O ser humano é o único no planeta portador de uma dimensão ética. Como diz Boff (2011, p. 17), “[...] dimensão em que o ser humano se torna responsável, coloca sob seu cuidado os outros seres”. Assim, ao ter essa responsabilidade, o indivíduo tem escolhas que podem refletir de maneira positiva sobre a humanidade e a vida em si, mas também podem gerar consequências danosas, em si mesmo e naqueles que o cercam. Por isso, Paulo Freire reitera a prática pedagógica voltada para a transformação, e Boff (2011, p. 17) enfatiza que “precisamos de um processo pedagógico que dê consciência ao ser humano de sua responsabilidade. E todo processo pedagógico deve culminar nessa conscientização que confere ao ser humano, homem e mulher, um alto significado universal”. A partir dessa conscientização, ou melhor, sensibilização, o ser humano irá desenvolver ou resgatar a importância do cuidado para transformar o ambiente em um local mais humanizado, amoroso e sensível. Boff (2011, p. 20) afirma que “o processo pedagógico poderá favorecer que cada um de nós pense em nossa capacidade de mudar”.

O cuidado, na perspectiva de Boff (2011, p. 18), é a:

capacidade do ser humano de colocar desvelo, solicitude, diligência, zelo, atenção nas coisas que faz. E com ele investe interesse, libido, carinho, ternura com as coisas, ele se carrega de ocupação, preocupação, inquietação, responsabilidade, com as coisas a que se ligou afetivamente.
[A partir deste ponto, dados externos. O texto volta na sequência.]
(* Let $q,r,\nu$ be positive integers with $q<\nu\le r$. Then the equation $\mathcal{M}^0(z)C=I_q$ (for all $z$) admits a solution $C\in\mathbb{R}^{\nu r\times q}$ not depending on $z$, and the set of such constant solutions is an affine space of dimension $(\nu-q)rq$.
   Context: $u(z)=(1,\dots,z^{q-1})^\top$, $w(z)=(1,\dots,z^{r-1})$, $M(z)=u(z)w(z)\in\mathbb{C}^{q\times r}$, and $\mathcal{M}^0(z)=(M(z),M'(z),\dots,M^{(\nu-1)}(z))\in\mathbb{C}^{q\times\nu r}$, derivatives taken in $z$. *)

theory Defs
  imports "HOL-Analysis.Analysis" "HOL-Library.Function_Algebras"
begin

text \<open>M(z) = u(z) w(z), a q x r matrix (indices from 0): entry (i,j) is z^i * z^j.\<close>
definition Mmat :: "complex \<Rightarrow> nat \<Rightarrow> nat \<Rightarrow> complex" where
  "Mmat z i j = z ^ i * z ^ j"

text \<open>M^0(z) = (M(z), M'(z), ..., M^(nu-1)(z)), a q x (nu r) matrix; column a = k*r + j
  (k < nu, j < r) is column j of the k-th derivative of M.\<close>
definition M0 :: "nat \<Rightarrow> complex \<Rightarrow> nat \<Rightarrow> nat \<Rightarrow> complex" where
  "M0 r z i a = (deriv ^^ (a div r)) (\<lambda>\<zeta>. Mmat \<zeta> i (a mod r)) z"

text \<open>Real nu r x q matrices are represented as functions nat => nat => real vanishing
  outside the index range; this is the scalar multiplication making them a real vector space.\<close>
definition mscale :: "real \<Rightarrow> (nat \<Rightarrow> nat \<Rightarrow> real) \<Rightarrow> (nat \<Rightarrow> nat \<Rightarrow> real)" where
  "mscale c C = (\<lambda>a b. c * C a b)"

end

theory Submission
  imports Defs "HOL-Computational_Algebra.Polynomial"
begin

text \<open>Split a column c of C into \<nu> blocks of length r and read the k-th block as the coefficient
  vector of a polynomial g_k of degree < r. The columns of M^0(z) are derivatives of monomials, so the
  i-th entry of M^0(z) c is the sum over k of (z^i g_k)^(k), which by the Leibniz rule is the sum over
  l \<le> i of (z^i)^(l) a_l, where a_l is the sum over k of (k choose l) g_k^(k-l). Prescribing these
  entries for i < q is a triangular system with diagonal (z^i)^(i) = i!, so it determines
  a_0, ..., a_(q-1) uniquely, with deg a_l \<le> l < r. As a_l is g_l plus terms in the g_k with k > l,
  these in turn determine g_0, ..., g_(q-1) from arbitrary g_q, ..., g_(\<nu>-1). Hence the entries of C
  in rows q r, ..., \<nu> r - 1 are free coordinates on the set of solutions, a translate of a space of
  dimension (\<nu> - q) r q.\<close>

section \<open>Leibniz rule and a triangular system\<close>

lemma higher_pderiv_mult:
  fixes p q :: "'a::idom poly"
  shows "(pderiv ^^ n) (p * q) =
    (\<Sum>i\<le>n. smult (of_nat (n choose i)) ((pderiv ^^ i) p * (pderiv ^^ (n - i)) q))"
proof (induction n)
  case (Suc n)
  have pderiv_sum: "pderiv (sum f A) = (\<Sum>x\<in>A. pderiv (f x))" for f :: "nat \<Rightarrow> 'a poly" and A
    using higher_pderiv_sum[of 1 f A] by simp
  let ?t = "\<lambda>c i j. smult (of_nat c) ((pderiv ^^ i) p * (pderiv ^^ j) q)"
  have "(pderiv ^^ Suc n) (p * q) =
      (\<Sum>i\<le>n. ?t (n choose i) (Suc i) (n - i)) + (\<Sum>i\<le>Suc n. ?t (n choose i) i (Suc n - i))"
    by (simp add: Suc pderiv_sum pderiv_smult pderiv_mult sum.distrib smult_add_right Suc_diff_le
        sum.atMost_Suc binomial_eq_0 algebra_simps)
  also have "\<dots> = (\<Sum>i\<le>Suc n. ?t (Suc n choose i) i (Suc n - i))"
    by (simp only: sum.atMost_Suc_shift) (simp add: binomial_Suc_Suc smult_add_left sum.distrib add_ac)
  finally show ?case .
qed simp

lemma higher_pderiv_monom_one_eq_0: "i < l \<Longrightarrow> (pderiv ^^ l) (monom (1::'a::idom) i) = 0"
  by (intro poly_eqI) (auto simp: coeff_higher_pderiv coeff_monom)

lemma higher_pderiv_monom_one_self: "(pderiv ^^ i) (monom (1::'a::{idom,semiring_char_0}) i) = [:fact i:]"
  by (intro poly_eqI) (auto simp: coeff_higher_pderiv coeff_monom pochhammer_fact coeff_pCons split: nat.splits)

definition leibniz_term :: "nat \<Rightarrow> (nat \<Rightarrow> 'a::idom poly) \<Rightarrow> nat \<Rightarrow> 'a poly" where
  "leibniz_term \<nu> G l = (\<Sum>k<\<nu>. smult (of_nat (k choose l)) ((pderiv ^^ (k - l)) (G k)))"

lemma leibniz_term_cong:
  "(\<And>k. k < \<nu> \<Longrightarrow> G k = G' k) \<Longrightarrow> leibniz_term \<nu> G l = leibniz_term \<nu> G' l"
  unfolding leibniz_term_def by (intro sum.cong) auto

lemma sum_higher_pderiv_monom_mult:
  assumes "i < \<nu>"
  shows "(\<Sum>k<\<nu>. (pderiv ^^ k) (monom 1 i * G k)) =
    (\<Sum>l\<le>i. (pderiv ^^ l) (monom 1 i) * leibniz_term \<nu> G l)"
proof -
  let ?P = "\<lambda>l. (pderiv ^^ l) (monom (1::'a) i)"
  have "(\<Sum>k<\<nu>. (pderiv ^^ k) (monom 1 i * G k)) =
      (\<Sum>k<\<nu>. \<Sum>l<\<nu>. smult (of_nat (k choose l)) (?P l * (pderiv ^^ (k - l)) (G k)))"
    unfolding higher_pderiv_mult
    by (intro sum.cong refl sum.mono_neutral_left) (auto simp: binomial_eq_0)
  also have "\<dots> = (\<Sum>l<\<nu>. ?P l * leibniz_term \<nu> G l)"
    unfolding leibniz_term_def
    by (subst sum.swap) (simp add: sum_distrib_left mult_smult_right)
  also have "\<dots> = (\<Sum>l\<le>i. ?P l * leibniz_term \<nu> G l)"
    using assms by (intro sum.mono_neutral_right) (auto simp: higher_pderiv_monom_one_eq_0)
  finally show ?thesis .
qed

lemma triangular_pderiv_system:
  fixes \<delta> :: "nat \<Rightarrow> 'a::field_char_0"
  shows "\<exists>A. (\<forall>l<q. degree (A l) \<le> l) \<and>
    (\<forall>a. (\<forall>i<q. (\<Sum>l\<le>i. (pderiv ^^ l) (monom 1 i) * a l) = [:\<delta> i:]) \<longleftrightarrow> (\<forall>l<q. a l = A l))"
proof (induction q)
  case (Suc q)
  then obtain A where deg_A: "\<forall>l<q. degree (A l) \<le> l"
    and A: "\<And>a. (\<forall>i<q. (\<Sum>l\<le>i. (pderiv ^^ l) (monom 1 i) * a l) = [:\<delta> i:]) \<longleftrightarrow> (\<forall>l<q. a l = A l)"
    by blast
  define S where "S = (\<Sum>l<q. (pderiv ^^ l) (monom (1::'a) q) * A l)"
  define A' where "A' = A(q := smult (1 / fact q) ([:\<delta> q:] - S))"
  have "degree S \<le> q"
    unfolding S_def
  proof (intro degree_sum_le)
    fix l assume "l \<in> {..<q}"
    then have "l < q" "degree (A l) \<le> l" "degree ((pderiv ^^ l) (monom (1::'a) q)) \<le> q - l"
      using deg_A by (auto simp: degree_higher_pderiv degree_monom_eq)
    then show "degree ((pderiv ^^ l) (monom (1::'a) q) * A l) \<le> q"
      using degree_mult_le[of "(pderiv ^^ l) (monom (1::'a) q)" "A l"] by linarith
  qed simp
  then have "\<forall>l<Suc q. degree (A' l) \<le> l"
    using deg_A degree_diff_le[of "[:\<delta> q:]" q S] by (auto simp: A'_def less_Suc_eq)
  moreover have "(\<forall>i<Suc q. (\<Sum>l\<le>i. (pderiv ^^ l) (monom 1 i) * a l) = [:\<delta> i:]) \<longleftrightarrow>
      (\<forall>l<Suc q. a l = A' l)" for a
  proof -
    have "(\<Sum>l\<le>q. (pderiv ^^ l) (monom 1 q) * a l) = S + smult (fact q) (a q)"
      if "\<forall>l<q. a l = A l"
      using that by (simp add: lessThan_Suc_atMost[symmetric] S_def higher_pderiv_monom_one_self)
    moreover have "S + smult (fact q) (a q) = [:\<delta> q:] \<longleftrightarrow> a q = A' q"
    proof
      assume "S + smult (fact q) (a q) = [:\<delta> q:]"
      then have scaled: "smult (fact q) (a q) = [:\<delta> q:] - S"
        by (simp add: algebra_simps)
      show "a q = A' q"
        by (simp add: A'_def flip: scaled)
    qed (simp add: A'_def)
    ultimately show ?thesis
      using A[of a] by (auto simp: less_Suc_eq A'_def)
  qed
  ultimately show ?case by blast
qed simp

section \<open>Back substitution\<close>

text \<open>The tail only involves G k for k > l, so prescribed Leibniz terms are attained by solving
  for G l from the top index downwards.\<close>
definition leibniz_tail :: "nat \<Rightarrow> (nat \<Rightarrow> 'a::idom poly) \<Rightarrow> nat \<Rightarrow> 'a poly" where
  "leibniz_tail \<nu> G l = (\<Sum>k\<in>{l<..<\<nu>}. smult (of_nat (k choose l)) ((pderiv ^^ (k - l)) (G k)))"

lemma leibniz_term_eq_tail: "l < \<nu> \<Longrightarrow> leibniz_term \<nu> G l = G l + leibniz_tail \<nu> G l"
proof -
  assume "l < \<nu>"
  then have split: "{..<\<nu>} = {..<l} \<union> insert l {l<..<\<nu>}"
    by auto
  show ?thesis
    unfolding leibniz_term_def leibniz_tail_def split
    by (subst sum.union_disjoint) (auto simp: binomial_eq_0 intro!: sum.neutral)
qed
O cuidado ainda pode ser definido, pelo mesmo autor (2003a), como sendo uma relação amorosa com a realidade na qual se vive, visando a assegurar a subsistência e dando espaço para o seu desenvolvimento. O cuidado também pode ser visto como uma condição advinda da inteligência e da amorosidade, sendo um gesto amoroso em prol da realidade, que

objetiva proteção e que traz serenidade e paz, por isso considera-se que o cuidado é essencial (BOFF, 2003b). Para o Heidegger, o cuidado é um termo que visa a designar, de acordo com Nascimento (2013, p. 92), “[...] a apreensão formal da totalidade estrutural do ser-aí enquanto ser-no-mundo que existe facticamente”. Por ser fundamentalmente cuidado, ainda na concepção de Heidegger, “o ser do ser-aí pode ser compreendido nas relações que sempre e a cada vez estabelece com os entes e, desta forma, também as de cunho protetivo” (NASCIMENTO, 2013, p. 93). No entender de Boff (2003a), o homem está vivenciando momentos de muitos descuidos: descuido consigo mesmo, com os outros, com o planeta. Entretanto, o ser humano precisa aprender que cabeça e coração são dimensões do mesmo corpo, e a partir da combinação dessas duas dimensões nasce o cuidado, já que “todos nós passamos uma única vez por este planeta. Se perdemos a oportunidade do encontro com os outros, esta nunca se repetirá e uma mensagem singular deixou de ser ouvida e integrada na grande fala do Universo” (BOFF, 2012, p. 148). Como o ser humano está aqui apenas de passagem, deve, ao menos, ter cuidado com suas ações, para que as mesmas sejam vistas, lidas, percebidas e interpretadas pelas próximas gerações como algo de valor inestimável.

Boff (2012) diz que o cuidado é uma arte que precisa ser alimentada, sustentada e esse alimento e sustento do cuidado surgem da constante preocupação que o homem possui com o futuro. Por isso acredita-se que cuidar do planeta envolve cuidar de todos os bens naturais renováveis e não renováveis, de suas paisagens, de todos os seres que o habitam, dos bens culturais produzidos pela inteligência humana. Além disso, o homem deve pautar seu cuidado na compreensão, que, conforme Boff (2003b, p. 32), “[...] significa utilizar a ciência e a técnica sempre em consonância com a comunidade e nunca contra ela ou sacrificando sua integridade e beleza”.

Nesse contexto,

justiça e cuidado são as pilastras sobre as quais se sustenta a morada humana e que produzem a possível felicidade e o suficiente bem-estar para todos. A biocivilização que queremos deverá sustentar-se nesse tipo de ética, boa para os humanos e amigável para com a natureza. (BOFF, 2012, p. 136).

Em outras palavras, as relações humanas com o todo devem ser pautadas na ética do cuidado. Boff (2003b, p. 37) ainda frisa que “[...] é pelo cuidado permanente, ao largo de todo o tempo em que existir sobre a face da Terra, que a vida se mantém, se reproduz e co- evolui”.